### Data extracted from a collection
%%

lemma vector_matrix_mult_scaleR_left: "(r *\<^sub>R v) v* M = r *\<^sub>R (v v* (M::real^'n^'m))"
  using scalar_vector_matrix_assoc[of r v M] by (simp add: scalar_mult_eq_scaleR)

lemma matpow_add: "matpow P (a + b) = matpow P a ** matpow P b"
  by (induct b) (simp_all add: matrix_mul_assoc)

lemma matpow_mult: "matpow P (m * k) = matpow (matpow P k) m"
  by (induct m) (simp_all add: matpow_add add.commute[of k])

lemma vector_matrix_mult_matpow_fixed: "w v* P = w \<Longrightarrow> w v* matpow P k = w"
  by (induct k) (simp_all add: vector_matrix_mul_assoc[symmetric])

lemma matpow_nonneg: "(\<And>i j. 0 \<le> M$i$j) \<Longrightarrow> 0 \<le> matpow M k $i$j"
  by (induct k arbitrary: i j) (auto simp: mat_def matrix_matrix_mult_nth sum_nonneg)

lemma stochastic_nonneg: "stochastic P \<Longrightarrow> 0 \<le> P$i$j"
  by (simp add: stochastic_def)

lemma stochastic_row_sum: "stochastic P \<Longrightarrow> (\<Sum>j\<in>UNIV. P$i$j) = 1"
  by (simp add: stochastic_def)

lemma stochastic_mat_1: "stochastic (mat 1)"
  by (simp add: stochastic_def mat_def)

lemma stochastic_mult:
  assumes "stochastic A" "stochastic B"
  shows "stochastic (A ** B)"
  unfolding stochastic_def
proof (intro conjI allI)
  fix i j
  show "0 \<le> (A ** B)$i$j"
    using assms by (simp add: matrix_matrix_mult_nth sum_nonneg stochastic_nonneg)
  have "(\<Sum>j\<in>UNIV. (A ** B)$i$j) = (\<Sum>k\<in>UNIV. A$i$k * (\<Sum>j\<in>UNIV. B$k$j))"
    by (simp add: matrix_matrix_mult_nth sum_distrib_left) (rule sum.swap)
  then show "(\<Sum>j\<in>UNIV. (A ** B)$i$j) = 1"
    using assms by (simp add: stochastic_row_sum)
qed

%%

### TASK PROMPT
Report each line of the data that includes the string "Longrightarrow".

### EXPECTED OUTPUT
lemma vector_matrix_mult_matpow_fixed: "w v* P = w \<Longrightarrow> w v* matpow P k = w"
lemma matpow_nonneg: "(\<And>i j. 0 \<le> M$i$j) \<Longrightarrow> 0 \<le> matpow M k $i$j"
lemma stochastic_nonneg: "stochastic P \<Longrightarrow> 0 \<le> P$i$j"
lemma stochastic_row_sum: "stochastic P \<Longrightarrow> (\<Sum>j\<in>UNIV. P$i$j) = 1"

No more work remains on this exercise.